Again, as with your last piece...kind of averageish. Has the potential to be something bigger and better, but never really gives the illusion that it thinks it's anything more than it is; a bit of animation in the hopes of making a few people laugh. Random, but fit for purpose.

This did have promise, but the ending and the abruptness of it kind of got rid of any prospect of a more...wholesome (wrong word, kinda) flash...I think if you WANTED it to be more developed and pristine, you could accomplish it with a little more time and effort in the work, and could definitely make this a more original flash, you could definitely incorporate the KK in a more comfortable way then just slamming it basically into the original game and not much more...but at the same time, I also think that this is the kind of thing you want to do; not the best, but good enough. Not as polished as it could be, but polished enough for people to see the joke you're trying to create. It would be nice to see a little more detail go into these things, but as it stands, as long as you're happy with what you're doing, you're probably doing something right, right?

-Review Request Club

PantyWipe responds:

thanks dawgie!

Review Request Club

I think the humour was a little most on me. Yes, Pacman wakka-wakkas into a pill, there's a little bit of a drug-trip, but...I don't know, I think it stopped a little short of giving the humour enough time to develop. You could have explored a lot more the directions Pacman took the addiction, and maybe how the ghosts reacted to the addiction...in general, it was just a little short and not really in my taste for humour.

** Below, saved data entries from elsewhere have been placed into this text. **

lemma OL_dualL:
  assumes g: "g \<in> OL" and v: "v \<in> dualL"
  shows "g *v v \<in> dualL"
proof -
  obtain h where h: "int_matrix h" "g ** h = mat 1"
    using g by (auto simp: OL_def)
  have "bfL (g *v v) y \<in> \<int>" if y: "y \<in> latL" for y
  proof -
    have "bfL (g *v v) y = bfL (g *v v) (g *v (h *v y))"
      by (simp add: matrix_vector_mul_assoc h(2))
    also have "\<dots> = bfL v (h *v y)" using OL_isometry[OF g] .
    finally show ?thesis using v int_matrix_latL[OF h(1) y] by (simp add: dualL_def)
  qed
  then show ?thesis by (simp add: dualL_def)
qed

lemma OL_mult:
  assumes "g \<in> OL" "h \<in> OL"
  shows "g ** h \<in> OL"
proof -
  obtain g' where g': "int_matrix g" "int_matrix g'" "g ** g' = mat 1" "g' ** g = mat 1"
    using assms(1) by (auto simp: OL_def)
  obtain h' where h': "int_matrix h" "int_matrix h'" "h ** h' = mat 1" "h' ** h = mat 1"
    using assms(2) by (auto simp: OL_def)
  have "(g ** h) ** (h' ** g') = mat 1" "(h' ** g') ** (g ** h) = mat 1"
    by (metis g'(3,4) h'(3,4) matrix_mul_assoc matrix_mul_rid)+
  moreover have "bfL ((g ** h) *v x) ((g ** h) *v y) = bfL x y" for x y
    using OL_isometry assms by (simp add: matrix_vector_mul_assoc[symmetric])
  ultimately show ?thesis
    unfolding OL_def using int_matrix_mult[OF g'(1) h'(1)] int_matrix_mult[OF h'(2) g'(2)] by blast
qed

lemma OL_inverse:
  assumes g: "g \<in> OL" and h: "int_matrix h" "g ** h = mat 1" "h ** g = mat 1"
  shows "h \<in> OL"
proof -
  have "bfL (h *v x) (h *v y) = bfL x y" for x y
    using OL_isometry[OF g, of "h *v x" "h *v y"] by (simp add: matrix_vector_mul_assoc h(2))
  then show ?thesis
    using g h unfolding OL_def by blast
qed

lemma spinor_norm_one_mult:
  assumes "spinor_norm_one g" "spinor_norm_one h"
  shows "spinor_norm_one (g ** h)"
proof -
  obtain ws1 where "\<forall>w\<in>set ws1. bfL w w \<noteq> 0" "\<forall>x. g *v x = foldr reflL ws1 x"
      "prod_list (map (\<lambda>w. - bfL w w / 2) ws1) > 0"
    using assms(1) by (auto simp: spinor_norm_one_def)
  moreover obtain ws2 where "\<forall>w\<in>set ws2. bfL w w \<noteq> 0" "\<forall>x. h *v x = foldr reflL ws2 x"
      "prod_list (map (\<lambda>w. - bfL w w / 2) ws2) > 0"
    using assms(2) by (auto simp: spinor_norm_one_def)
  ultimately show ?thesis
    unfolding spinor_norm_one_def
    by (intro exI[of _ "ws1 @ ws2"]) (auto simp: matrix_vector_mul_assoc[symmetric])
qed

lemma spinor_norm_one_inverse:
  assumes g: "spinor_norm_one g" and gh: "g ** h = mat 1"
  shows "spinor_norm_one h"
proof -
  obtain ws where ws: "\<forall>w\<in>set ws. bfL w w \<noteq> 0" "\<forall>x. g *v x = foldr reflL ws x"
      "prod_list (map (\<lambda>w. - bfL w w / 2) ws) > 0"
    using g by (auto simp: spinor_norm_one_def)
  have "h *v x = foldr reflL (rev ws) x" for x
  proof -
    have "foldr reflL ws (h *v x) = x"
      using ws(2)[rule_format, of "h *v x"] by (simp add: matrix_vector_mul_assoc gh)
    then show ?thesis using foldr_reflL_rev_cancel[OF ws(1), of "h *v x"] by simp
  qed
  moreover have "prod_list (map (\<lambda>w. - bfL w w / 2) (rev ws)) = prod_list (map (\<lambda>w. - bfL w w / 2) ws)"
    by (simp only: rev_map[symmetric] prod_list.rev)
  ultimately show ?thesis
    unfolding spinor_norm_one_def using ws(1,3) by (intro exI[of _ "rev ws"]) simp
qed

lemma OtildePlusL_OL: "g \<in> OtildePlusL \<Longrightarrow> g \<in> OL"
  by (simp add: OtildePlusL_def OtildeL_def)

lemma OtildePlusL_isometry: "g \<in> OtildePlusL \<Longrightarrow> bfL (g *v x) (g *v y) = bfL x y"
  by (simp add: OtildePlusL_OL OL_isometry)

lemma OtildePlusL_latL: "g \<in> OtildePlusL \<Longrightarrow> x \<in> latL \<Longrightarrow> g *v x \<in> latL"
  by (auto simp: OtildePlusL_def OtildeL_def OL_def int_matrix_latL)

lemma OtildePlusL_mult:
  assumes g: "g \<in> OtildePlusL" and h: "h \<in> OtildePlusL"
  shows "g ** h \<in> OtildePlusL"
proof -
  have "(g ** h) *v v - v \<in> latL" if v: "v \<in> dualL" for v
  proof -
    have "g *v (h *v v) - h *v v \<in> latL"
      using g OL_dualL[OF OtildePlusL_OL[OF h] v] by (simp add: OtildePlusL_def OtildeL_def)
    moreover have "h *v v - v \<in> latL" using h v by (simp add: OtildePlusL_def OtildeL_def)
    ultimately show ?thesis
      using latL_add by (fastforce simp: matrix_vector_mul_assoc)
  qed
  then show ?thesis
    using g h OL_mult spinor_norm_one_mult by (simp add: OtildePlusL_def OtildeL_def)
qed

lemma OtildePlusL_inverse:
  assumes g: "g \<in> OtildePlusL"
  shows "\<exists>h\<in>OtildePlusL. h ** g = mat 1"
proof -
  obtain h where h: "int_matrix h" "g ** h = mat 1" "h ** g = mat 1"
    using g by (auto simp: OtildePlusL_def OtildeL_def OL_def)
  have hO: "h \<in> OL" by (rule OL_inverse[OF OtildePlusL_OL[OF g] h])
  have "h *v v - v \<in> latL" if v: "v \<in> dualL" for v
  proof -
    have "g *v (h *v v) - h *v v \<in> latL"
      using g OL_dualL[OF hO v] by (simp add: OtildePlusL_def OtildeL_def)
    then show ?thesis
      using latL_minus by (fastforce simp: matrix_vector_mul_assoc h(2))
  qed
  moreover have "spinor_norm_one h"
    using g h(2) spinor_norm_one_inverse by (auto simp: OtildePlusL_def)
  ultimately show ?thesis
    using hO h(3) by (auto simp: OtildePlusL_def OtildeL_def)
qed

That aside, I thought the "realistic" pacman sounds were nice, the game layout was good...would have been better if it was a little larger, but it's not that big of an issue. It would have been nice to maybe have a little more play-room as far as sizings go, instead of everything being in the same front-on dimension of the entire game field, etc., but in general it was alright. Animation was a little choppy, but I guess even Pacman didn't have to be that smooth all the time. Especially if he turns into an addict :P

It was okay. Didn't wow me, but I didn't think it was overtly bad, either. Just didn't make me laugh, and so half the purpose of the flash is kind of gone.

-Review Request Club

PantyWipe responds:

Cool, but keep in mind this is a Kitty Krew flash.

Review Request Club

Could have used a mute button after the 4th looping of it xD That's not saying I don't like System, their music is kickass, but...having one segment of the song on loop constantly even gets on the nerves of my ears when I'm trying to review something. And System's in the tamer region of bands I listen to, man :P.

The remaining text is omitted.